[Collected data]

lemma alive_prob_le_mean_generation_size:
  "ennreal (alive_prob p q n) \<le> mean_generation_size p q n"
proof -
  have "ennreal (alive_prob p q n) = (\<integral>\<^sup>+x. indicator {x. snd x} x \<partial>gp_path p q n)"
    unfolding alive_prob_def by (simp add: measure_pmf.emeasure_eq_measure)
  also have "\<dots> \<le> mean_generation_size p q n"
    unfolding mean_generation_size_def
  proof (rule nn_integral_mono_AE, unfold AE_measure_pmf_iff, intro ballI)
    fix x assume x: "x \<in> set_pmf (gp_path p q n)"
    obtain V E I b where x_eq: "x = ((V, E, I), b)" by (metis prod.exhaust)
    have "graded n (V, E, I)" and nonempty: "b \<longrightarrow> I \<noteq> {}"
      using graded_gp_path[OF x] unfolding x_eq by simp_all
    from this(1) have "finite I" by (rule finite_graded)
    with nonempty have "b \<longrightarrow> 1 \<le> card I" by (simp add: Suc_le_eq card_gt_0_iff)
    then show "indicator {x. snd x} x \<le> ennreal (card (snd (snd (fst x))))"
      unfolding x_eq by (cases b) (auto simp flip: ennreal_of_nat_eq_real_of_nat)
  qed
  finally show ?thesis .
qed

lemma mean_generation_size_le_geometric:
  assumes "-1 < p" "0 \<le> q" "q \<le> 1"
  shows "mean_generation_size p q (n + 3) \<le> ennreal ((1 + p) ^ 3 * ((1 + p) * (1 - q)) ^ n)"
proof -
  have early: "mean_generation_size p q n \<le> ennreal ((1 + p) ^ n)" for n
  proof (induction n)
    case 0
    then show ?case
      by (simp add: mean_generation_size_def gp_init_def measure_pmf.emeasure_space_1)
  next
    case (Suc n)
    have "mean_generation_size p q (Suc n) \<le> ennreal (1 + p) * mean_generation_size p q n"
      using mean_generation_size_Suc_le[of p q n 0] assms by simp
    also have "\<dots> \<le> ennreal (1 + p) * ennreal ((1 + p) ^ n)"
      using Suc by (rule mult_left_mono) simp
    finally show ?case
      using assms by (simp add: ennreal_mult')
  qed
  define a where "a = (1 + p) * (1 - q)"
  have "0 \<le> a" unfolding a_def using assms by simp
  show ?thesis
    unfolding a_def[symmetric]
  proof (induction n)
    case 0
    then show ?case using early[of 3] by simp
  next
    case (Suc n)
    have "mean_generation_size p q (Suc (n + 3)) \<le> ennreal a * mean_generation_size p q (n + 3)"
      using mean_generation_size_Suc_le[of p q "n + 3" 1] assms k3_pos unfolding a_def
      by (simp add: Suc_le_eq)
    also have "\<dots> \<le> ennreal a * ennreal ((1 + p) ^ 3 * a ^ n)"
      using Suc by (rule mult_left_mono) simp
    finally show ?case
      using assms \<open>0 \<le> a\<close> by (simp add: ennreal_mult' mult_ac)
  qed
qed

lemma dies_out_as_if_subcritical:
  assumes "-1 < p" "0 \<le> q" "q \<le> 1" and subcrit: "(1 + p) * (1 - q) < 1"
  shows "dies_out_as p q"
proof -
  define a where "a = (1 + p) * (1 - q)"
  have "0 \<le> a" unfolding a_def using assms by simp
  have alive: "alive_prob p q (n + 3) \<le> (1 + p) ^ 3 * a ^ n" for n
    using order.trans[OF alive_prob_le_mean_generation_size mean_generation_size_le_geometric]
      assms \<open>0 \<le> a\<close>
    unfolding a_def by (simp add: ennreal_le_iff)
  have nonneg: "0 \<le> alive_prob p q n" for n
    unfolding alive_prob_def by simp
  then have "(INF n. alive_prob p q n) \<le> alive_prob p q (n + 3)" for n
    by (intro cINF_lower bdd_belowI2) auto
  moreover have "(\<lambda>n. (1 + p) ^ 3 * a ^ n) \<longlonglongrightarrow> 0"
    using \<open>0 \<le> a\<close> subcrit unfolding a_def by (intro tendsto_mult_right_zero LIMSEQ_power_zero) simp
  ultimately have "(INF n. alive_prob p q n) \<le> 0"
    using alive by (intro LIMSEQ_le_const[of "\<lambda>n. (1 + p) ^ 3 * a ^ n"]) (auto intro: order.trans)
  moreover have "0 \<le> (INF n. alive_prob p q n)"
    using nonneg by (intro cINF_greatest) auto
  ultimately show ?thesis
    unfolding dies_out_as_def by simp
qed

lemma less_mult_one_minus:
  fixes C a e p :: real
  assumes "0 < C" "C * (a + e)^2 \<le> e" "a + e < p" "p \<le> 1 / (2 * C)"
  shows "a < p * (1 - C * p)"
proof -
  have "C * (a + e) < C * p" "2 * C * p \<le> 1"
    using assms by (simp, simp add: field_simps)
  then have "C * (p + (a + e)) < 1"
    by (simp add: algebra_simps)
  then have "0 < (p - (a + e)) * (1 - C * (p + (a + e)))"
    using assms by simp
  then show ?thesis
    using assms(2) by (simp add: algebra_simps power2_eq_square)
qed

lemma mult_one_plus_less:
  fixes C a e p :: real
  assumes "0 < C" "C * a^2 \<le> e" "0 < p" "p < a - e"
  shows "p * (1 + C * p) < a"
proof -
  have "0 \<le> C * a^2" using assms(1) by simp
  then have "0 \<le> e" using assms(2) by linarith
  then have "C * p^2 \<le> C * a^2"
    using assms by (intro mult_left_mono power_mono) auto
  then have "C * p^2 \<le> e"
    using assms(2) by linarith
  then show ?thesis
    using assms(4) by (simp add: algebra_simps power2_eq_square)
qed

**Problem requirements:** Every line in the data above that contains "moreover" needs to be copied.

**Response for this exercise:**
  moreover have "(\<lambda>n. (1 + p) ^ 3 * a ^ n) \<longlonglongrightarrow> 0"
  moreover have "0 \<le> (INF n. alive_prob p q n)"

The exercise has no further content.